┌─ Provided records

lemma join_absorb2: "\<lbrakk>x \<preceq> y; x \<in> carrier G; y \<in> carrier G\<rbrakk> \<Longrightarrow> join x y = y"
  by (rule join_eqI) (simp_all add: le_refl)

lemma meet_absorb1: "\<lbrakk>x \<preceq> y; x \<in> carrier G; y \<in> carrier G\<rbrakk> \<Longrightarrow> meet x y = x"
  by (rule meet_eqI) (simp_all add: le_refl)

lemma meet_absorb2: "\<lbrakk>y \<preceq> x; x \<in> carrier G; y \<in> carrier G\<rbrakk> \<Longrightarrow> meet x y = y"
  by (rule meet_eqI) (simp_all add: le_refl)

lemma le_iff_join: "x \<in> carrier G \<Longrightarrow> y \<in> carrier G \<Longrightarrow> x \<preceq> y \<longleftrightarrow> join x y = y"
  by (metis join_absorb2 join_upper1)

lemma join_rmult:
  assumes "x \<in> carrier G" "y \<in> carrier G" "z \<in> carrier G"
  shows "join (x \<otimes> z) (y \<otimes> z) = join x y \<otimes> z"
proof (rule join_eqI)
  fix u assume u: "u \<in> carrier G" "x \<otimes> z \<preceq> u" "y \<otimes> z \<preceq> u"
  have u_eq: "u = u \<otimes> inv z \<otimes> z"
    using u assms by (simp add: m_assoc)
  have "x \<preceq> u \<otimes> inv z" "y \<preceq> u \<otimes> inv z"
    using u assms le_rmult_iff[of _ "u \<otimes> inv z" z] u_eq by auto
  then have "join x y \<preceq> u \<otimes> inv z"
    using assms u by (intro join_least) auto
  then show "join x y \<otimes> z \<preceq> u"
    using assms u le_rmult_iff[of "join x y" "u \<otimes> inv z" z] u_eq by auto
qed (use assms in \<open>auto intro: le_rmult join_upper1 join_upper2\<close>)

lemma meet_rmult:
  assumes "x \<in> carrier G" "y \<in> carrier G" "z \<in> carrier G"
  shows "meet (x \<otimes> z) (y \<otimes> z) = meet x y \<otimes> z"
proof (rule meet_eqI)
  fix u assume u: "u \<in> carrier G" "u \<preceq> x \<otimes> z" "u \<preceq> y \<otimes> z"
  have u_eq: "u = u \<otimes> inv z \<otimes> z"
    using u assms by (simp add: m_assoc)
  have "u \<otimes> inv z \<preceq> x" "u \<otimes> inv z \<preceq> y"
    using u assms le_rmult_iff[of "u \<otimes> inv z" _ z] u_eq by auto
  then have "u \<otimes> inv z \<preceq> meet x y"
    using assms u by (intro meet_greatest) auto
  then show "u \<preceq> meet x y \<otimes> z"
    using assms u le_rmult_iff[of "u \<otimes> inv z" "meet x y" z] u_eq by auto
qed (use assms in \<open>auto intro: le_rmult meet_lower1 meet_lower2\<close>)

lemma join_rmult_join:
  assumes "x \<in> carrier G" "y \<in> carrier G" "b \<in> carrier G" "y \<otimes> b \<preceq> y"
  shows "join (join x y \<otimes> b) y = join (x \<otimes> b) y"
proof -
  have "join (join x y \<otimes> b) y = join (join (x \<otimes> b) (y \<otimes> b)) y"
    using assms by (simp add: join_rmult)
  also have "\<dots> = join (x \<otimes> b) (join (y \<otimes> b) y)"
    using assms by (simp add: join_assoc)
  also have "join (y \<otimes> b) y = y"
    using assms by (simp add: join_absorb2)
  finally show ?thesis .
qed

lemma meet_one_rmult:
  assumes "x \<in> carrier G" "y \<in> carrier G" "c \<in> carrier G" "x \<otimes> c \<preceq> y" "meet y \<one> = c"
  shows "meet (x \<otimes> c) \<one> = meet x \<one> \<otimes> c"
proof -
  have "meet x \<one> \<otimes> c = meet (x \<otimes> c) (meet y \<one>)"
    using assms by (simp flip: meet_rmult)
  also have "\<dots> = meet (meet (x \<otimes> c) y) \<one>"
    using assms by (simp add: meet_assoc)
  also have "meet (x \<otimes> c) y = x \<otimes> c"
    using assms by (simp add: meet_absorb1)
  finally show ?thesis ..
qed

definition covered_by :: "'a \<Rightarrow> 'a \<Rightarrow> bool"
  where "covered_by x y \<longleftrightarrow> x \<in> carrier G \<and> y \<in> carrier G \<and> x \<prec> y
    \<and> (\<nexists>u. u \<in> carrier G \<and> x \<prec> u \<and> u \<prec> y)"

lemma covered_byI:
  assumes "x \<in> carrier G" "y \<in> carrier G" "x \<preceq> y" "x \<noteq> y"
    and "\<And>u. \<lbrakk>u \<in> carrier G; x \<preceq> u; u \<preceq> y\<rbrakk> \<Longrightarrow> u = x \<or> u = y"
  shows "covered_by x y"
  using assms unfolding covered_by_def strict_def by blast

lemma covered_byD:
  assumes "covered_by x y"
  shows "x \<in> carrier G" "y \<in> carrier G" "x \<preceq> y" "x \<noteq> y"
    and "\<And>u. \<lbrakk>u \<in> carrier G; x \<preceq> u; u \<preceq> y\<rbrakk> \<Longrightarrow> u = x \<or> u = y"
  using assms unfolding covered_by_def strict_def by blast+

lemma covered_by_one_iff: "covered_by_one G (\<preceq>) c \<longleftrightarrow> covered_by c \<one>"
  by (simp add: covered_by_one_def covered_by_def)

lemma covered_by_rmult:
  assumes "covered_by x y" "z \<in> carrier G"
  shows "covered_by (x \<otimes> z) (y \<otimes> z)"
proof (rule covered_byI)
  note xy = covered_byD[OF assms(1)]
  show "x \<otimes> z \<preceq> y \<otimes> z" "x \<otimes> z \<noteq> y \<otimes> z"
    using xy assms(2) by (auto simp: le_rmult)
  fix u assume u: "u \<in> carrier G" "x \<otimes> z \<preceq> u" "u \<preceq> y \<otimes> z"
  have u_eq: "u = u \<otimes> inv z \<otimes> z"
    using u assms by (simp add: m_assoc)
  have "x \<preceq> u \<otimes> inv z" "u \<otimes> inv z \<preceq> y"
    using u xy assms(2) u_eq le_rmult_iff[of x "u \<otimes> inv z" z] le_rmult_iff[of "u \<otimes> inv z" y z]
    by auto
  then have "u \<otimes> inv z = x \<or> u \<otimes> inv z = y"
    using xy u assms(2) by simp
  then show "u = x \<otimes> z \<or> u = y \<otimes> z"
    using u_eq by auto
qed (use assms covered_byD in simp_all)

end

locale modular_noetherian_right_lgroup = right_lgroup +
  fixes deg :: "'a \<Rightarrow> int"
  assumes modular_lattice: "modular_lattice (carrier G) (\<preceq>)"
    and noetherian: "noetherian (carrier G) (\<preceq>)"
    and degree_hom: "degree_hom G (\<preceq>) deg"
begin

lemma modular:
  assumes "x \<in> carrier G" "y \<in> carrier G" "z \<in> carrier G" "x \<preceq> z"
  shows "join x (meet y z) = meet (join x y) z"
  by (rule modular_lattice[unfolded modular_lattice_def, rule_format,
        of x y z "meet y z" _ "join x y"])
    (use assms in \<open>simp_all add: is_sup_join is_inf_meet\<close>)
(* For any group $\Gamma$ we have $\eta(\Gamma)=1-1/\mathrm{Lit}(\Gamma)$.
   Context: $T_1(\Gamma)$ is the space of all $f\colon\Gamma\to\mathbf{C}$ for which there exist $f_1,f_2\colon\Gamma\times\Gamma\to\mathbf{C}$ with $f(x^{-1}y)=f_1(x,y)+f_2(x,y)$ for all $x,y$, $\sup_x\sum_y|f_1(x,y)|<\infty$, $\sup_y\sum_x|f_2(x,y)|<\infty$; $\mathrm{Lit}(\Gamma)=\inf\{p>0:T_1(\Gamma)\subseteq\ell^p(\Gamma)\}\in[0,\infty]$ (with $1/0=\infty$, $1/\infty=0$). For a finite symmetric $S\subseteq\Gamma$, $\mathrm{Cay}(\Gamma,S)$ is the (possibly disconnected) graph with vertex set $\Gamma$ and an edge between $g$ and $gs$ for each $s\in S$. For finite $F\subseteq\Gamma$, $\partial_S F$ is the set of edges joining $F$ to $\Gamma\setminus F$. The Cheeger constant is $h(\Gamma,S)=\inf_F|\partial_SF|/|F|$ over non-empty finite $F$, and $e(\Gamma,S)=1-h(\Gamma,S)/|S|$. Define $\eta(\Gamma)=-\liminf_S \frac{\ln e(\Gamma,S)}{\ln|S|}$, where the liminf is over the directed set of finite symmetric subsets ordered by inclusion, $\liminf_S f(S)=\sup_S\inf_{S'\supseteq S}f(S')$; by convention $\eta(\Gamma)=-\infty$ if $\Gamma$ is finite. *)

theory Defs
  imports "HOL-Analysis.Analysis"
begin

text \<open>The group \<Gamma> is a type of class group_add; the group law is written additively,
  so x^{-1} y becomes (- x + y), and g s becomes g + s.\<close>

definition T1 :: "'a::group_add itself \<Rightarrow> ('a \<Rightarrow> complex) set" where
  "T1 G = {f. \<exists>f1 f2.
      (\<forall>x y. f (- x + y) = f1 x y + f2 x y) \<and>
      (\<exists>C. \<forall>x. (\<lambda>y. norm (f1 x y)) summable_on UNIV \<and> (\<Sum>\<^sub>\<infinity>y. norm (f1 x y)) \<le> C) \<and>
      (\<exists>C. \<forall>y. (\<lambda>x. norm (f2 x y)) summable_on UNIV \<and> (\<Sum>\<^sub>\<infinity>x. norm (f2 x y)) \<le> C)}"

definition lp_space :: "real \<Rightarrow> ('a \<Rightarrow> complex) set" where
  "lp_space p = {f. (\<lambda>x. norm (f x) powr p) summable_on UNIV}"

definition Lit :: "'a::group_add itself \<Rightarrow> ereal" where
  "Lit G = Inf (ereal ` {p. p > 0 \<and> T1 G \<subseteq> lp_space p})"

definition fin_sym_subsets :: "'a::group_add itself \<Rightarrow> 'a set set" where
  "fin_sym_subsets G = {S. finite S \<and> (\<forall>s\<in>S. - s \<in> S)}"

text \<open>Edge boundary of F in Cay(\<Gamma>,S): edges (g, g+s), s \<in> S, joining F to its complement;
  edges are counted as pairs (g,s) with g \<in> F, g + s \<notin> F.\<close>
definition boundary :: "'a::group_add set \<Rightarrow> 'a set \<Rightarrow> ('a \<times> 'a) set" where
  "boundary S F = {(g, s). g \<in> F \<and> s \<in> S \<and> g + s \<notin> F}"

definition cheeger :: "'a::group_add set \<Rightarrow> real" where
  "cheeger S = Inf {real (card (boundary S F)) / real (card F) | F. finite F \<and> F \<noteq> {}}"

definition e_const :: "'a::group_add set \<Rightarrow> real" where
  "e_const S = 1 - cheeger S / real (card S)"

definition eta :: "'a::group_add itself \<Rightarrow> ereal" where
  "eta G = (if finite (UNIV :: 'a set) then - \<infinity>
     else - (SUP S\<in>fin_sym_subsets G. INF S'\<in>{S'\<in>fin_sym_subsets G. S \<subseteq> S'}.
               ereal (ln (e_const S') / ln (real (card S')))))"

end

theory Submission
  imports Defs
begin

text \<open>For finite symmetric \<open>S\<close>, every finite set \<open>F\<close> spans at most \<open>|S| e(\<Gamma>, S) |F|\<close> arcs of
  \<open>Cay(\<Gamma>, S)\<close>, and a graph of this density can be oriented so that every vertex is charged with
  at most twice the density. Charging \<open>f(x\<^sup>-\<^sup>1 y)\<close> to the row or to the column according to such
  an orientation shows that a function which is \<open>c\<close> on \<open>S\<close> lies in \<open>T\<^sub>1\<close> with constant of order
  \<open>c |S| e(\<Gamma>, S)\<close>. If \<open>e(\<Gamma>, S) \<le> |S|\<^sup>-\<^sup>\<theta>\<close> for cofinally many \<open>S\<close>, gluing such functions on
  disjoint pieces of a growing sequence of sets gives an element of \<open>T\<^sub>1\<close> outside \<open>\<ell>\<^sup>p\<close> whenever
  \<open>p (1 - \<theta>) < 1\<close>. Conversely, for \<open>f \<in> T\<^sub>1\<close> the arcs inside a level set \<open>{|f| \<ge> t}\<close> carry mass at
  most \<open>O(1/t)\<close> per vertex, which bounds the Cheeger constant of that level set from below; if
  \<open>e(\<Gamma>, S) \<ge> |S|\<^sup>-\<^sup>\<theta>\<close> eventually, this forces \<open>|{|f| \<ge> t}| = O(t\<^sup>-\<^sup>1\<^sup>/\<^sup>(\<^sup>1\<^sup>-\<^sup>\<theta>\<^sup>))\<close>, hence
  \<open>f \<in> \<ell>\<^sup>p\<close> for \<open>p (1 - \<theta>) > 1\<close>.\<close>

section \<open>Cayley graphs and the Cheeger constant\<close>

definition inner_pairs :: "'a::group_add set \<Rightarrow> 'a set \<Rightarrow> ('a \<times> 'a) set" where
  "inner_pairs S F = {(g, s). g \<in> F \<and> s \<in> S \<and> g + s \<in> F}"

lemma inner_pairs_Un_boundary: "inner_pairs S F \<union> boundary S F = F \<times> S"
  and inner_pairs_Int_boundary: "inner_pairs S F \<inter> boundary S F = {}"
  by (auto simp: inner_pairs_def boundary_def)

lemma card_inner_pairs_add_boundary:
  assumes "finite S" "finite F"
  shows "card (inner_pairs S F) + card (boundary S F) = card F * card S"
  using card_Un_disjoint[of "inner_pairs S F" "boundary S F"] assms
    inner_pairs_Un_boundary[of S F] inner_pairs_Int_boundary[of S F]
  by (metis card_cartesian_product finite_Un finite_cartesian_product)

lemma cheeger_set_bdd_below:
  "bdd_below {real (card (boundary S F)) / real (card F) | F. finite F \<and> F \<noteq> {}}"
  by (rule bdd_belowI[of _ 0]) auto

lemma cheeger_nonneg: "cheeger S \<ge> 0"
  unfolding cheeger_def by (rule cInf_greatest) (auto intro!: exI[of _ "{0}"])

lemma cheeger_le:
  "finite F \<Longrightarrow> F \<noteq> {} \<Longrightarrow> cheeger S \<le> real (card (boundary S F)) / real (card F)"
  unfolding cheeger_def by (rule cInf_lower[OF _ cheeger_set_bdd_below]) auto

lemma cheeger_greatest:
  "(\<And>F. finite F \<Longrightarrow> F \<noteq> {} \<Longrightarrow> c \<le> real (card (boundary S F)) / real (card F)) \<Longrightarrow> c \<le> cheeger S"
  unfolding cheeger_def by (rule cInf_greatest) (auto intro!: exI[of _ "{0}"])

lemma card_inner_pairs_le_cheeger:
  assumes "finite S" "finite F" "F \<noteq> {}"
  shows "real (card (inner_pairs S F)) \<le> (real (card S) - cheeger S) * real (card F)"
proof -
  have "cheeger S * real (card F) \<le> real (card (boundary S F))"
    using cheeger_le[OF assms(2,3), of S] assms(2,3) by (simp add: field_simps card_gt_0_iff)
  moreover have "real (card (inner_pairs S F)) + real (card (boundary S F)) = real (card F) * real (card S)"
    using card_inner_pairs_add_boundary[OF assms(1,2)] by (metis of_nat_add of_nat_mult)
  ultimately show ?thesis by (simp add: algebra_simps)
qed

lemma cheeger_le_card_minus_one:
  assumes "finite S" "S \<noteq> {}" and sym: "\<forall>s\<in>S. - s \<in> S"
  shows "cheeger S \<le> real (card S) - 1"
proof (cases "S = {0}")
  case True
  have "boundary S {0} = {}" using True by (auto simp: boundary_def)
  thus ?thesis using cheeger_le[of "{0::'a}" S] True by simp
next
  case False
  then obtain s where s: "s \<in> S" "s \<noteq> 0" using assms(2) by blast
  have "card (boundary S {0, s}) \<le> card (({0, s} \<times> S) - {(0, s), (s, - s)})"
    using s assms(1) by (intro card_mono) (auto simp: boundary_def)
  also have "\<dots> = 2 * card S - 2"
    using s sym assms(1) by (simp add: card_Diff_subset card_cartesian_product)
  finally have "real (card (boundary S {0, s})) \<le> real (2 * card S - 2)"
    by linarith
  moreover have "card S > 0" using s assms(1) card_gt_0_iff by blast
  ultimately have "real (card (boundary S {0, s})) \<le> 2 * real (card S) - 2"
    by (simp add: of_nat_diff)
  thus ?thesis using cheeger_le[of "{0, s}" S] s by simp
qed

lemma e_const_le_one: "e_const S \<le> 1"
  unfolding e_const_def using cheeger_nonneg[of S] by simp

lemma e_const_ge_inverse_card:
  assumes "S \<in> fin_sym_subsets TYPE('a::group_add)" "S \<noteq> {}"
  shows "1 / real (card S) \<le> e_const S"
proof -
  have c: "real (card S) > 0" using assms by (simp add: fin_sym_subsets_def card_gt_0_iff)
  have "cheeger S / real (card S) \<le> (real (card S) - 1) / real (card S)"
    using cheeger_le_card_minus_one[of S] assms c by (simp add: fin_sym_subsets_def divide_right_mono)
  thus ?thesis unfolding e_const_def using c by (simp add: diff_divide_distrib)
qed

lemma e_const_pos:
  assumes "S \<in> fin_sym_subsets TYPE('a::group_add)" "S \<noteq> {}"
  shows "0 < e_const S"
proof -
  have "0 < 1 / real (card S)" using assms by (simp add: fin_sym_subsets_def card_gt_0_iff)
  thus ?thesis using e_const_ge_inverse_card[OF assms] by linarith
qed

lemma card_mult_e_const: "card S > 0 \<Longrightarrow> real (card S) * e_const S = real (card S) - cheeger S"
  unfolding e_const_def by (simp add: field_simps)

section \<open>Orientations of Cayley graphs\<close>

text \<open>An orientation \<open>w\<close> charges each arc \<open>(x, y)\<close> of the Cayley graph (i.e. \<open>- x + y \<in> S\<close>) to its
  tail \<open>x\<close> if \<open>w (x, y)\<close> holds and to its head \<open>y\<close> otherwise; \<open>charge S G w z\<close> counts the arcs
  inside \<open>G\<close> charged to \<open>z\<close>.\<close>

definition charge :: "'a::group_add set \<Rightarrow> 'a set \<Rightarrow> ('a \<times> 'a \<Rightarrow> bool) \<Rightarrow> 'a \<Rightarrow> nat" where
  "charge S G w z = card {y \<in> G. - z + y \<in> S \<and> w (z, y)} + card {x \<in> G. - x + z \<in> S \<and> \<not> w (x, z)}"

lemma out_neighbours_eq: "{y. - z + y \<in> S} = (\<lambda>s. z + s) ` (S :: 'a::group_add set)"
proof (intro set_eqI iffI)
  fix y assume "y \<in> {y. - z + y \<in> S}"
  thus "y \<in> (\<lambda>s. z + s) ` S" by (intro image_eqI[of _ _ "- z + y"]) simp_all
qed auto

lemma in_neighbours_eq: "{x. - x + z \<in> S} = (\<lambda>s. z + - s) ` (S :: 'a::group_add set)"
proof (intro set_eqI iffI)
  fix x assume "x \<in> {x. - x + z \<in> S}"
  thus "x \<in> (\<lambda>s. z + - s) ` S" by (intro image_eqI[of _ _ "- x + z"]) (simp_all add: minus_add)
qed (auto simp: minus_add add.assoc)

lemma sum_card_inner_neighbours:
  assumes "finite S" "finite G"
  shows "(\<Sum>g\<in>G. card {s \<in> S. g + s \<in> G}) = card (inner_pairs S G)"
proof -
  have "inner_pairs S G = Sigma G (\<lambda>g. {s \<in> S. g + s \<in> G})"
    by (auto simp: inner_pairs_def)
  thus ?thesis using assms by (simp add: card_SigmaI)
qed

lemma card_out_neighbours:
  "card {y \<in> G. - x + y \<in> S} = card {s \<in> S. x + s \<in> (G :: 'a::group_add set)}"
proof -
  have "{y \<in> G. - x + y \<in> S} = (\<lambda>s. x + s) ` {s \<in> S. x + s \<in> G}"
    by (auto intro: image_eqI[of _ _ "- x + _"])
  thus ?thesis by (simp add: card_image inj_on_def)
qed

lemma card_in_neighbours_le:
  assumes "finite S" "\<forall>s\<in>S. - s \<in> S"
  shows "card {a \<in> G. - a + x \<in> S} \<le> card {s \<in> S. x + s \<in> (G :: 'a::group_add set)}"
proof (rule card_inj_on_le[where f = "\<lambda>a. - x + a"])
  show "(\<lambda>a. - x + a) ` {a \<in> G. - a + x \<in> S} \<subseteq> {s \<in> S. x + s \<in> G}"
  proof
    fix t assume "t \<in> (\<lambda>a. - x + a) ` {a \<in> G. - a + x \<in> S}"
    then obtain a where a: "a \<in> G" "- a + x \<in> S" "t = - x + a" by blast
    have "- (- a + x) = t" using a(3) by (simp add: minus_add)
    thus "t \<in> {s \<in> S. x + s \<in> G}" using a assms(2) by force
  qed
qed (use assms(1) in \<open>auto simp: inj_on_def\<close>)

└─

Assignment: Count the lines in the records above that contain the word "most", and reply with only that number.

Result of the exercise: 3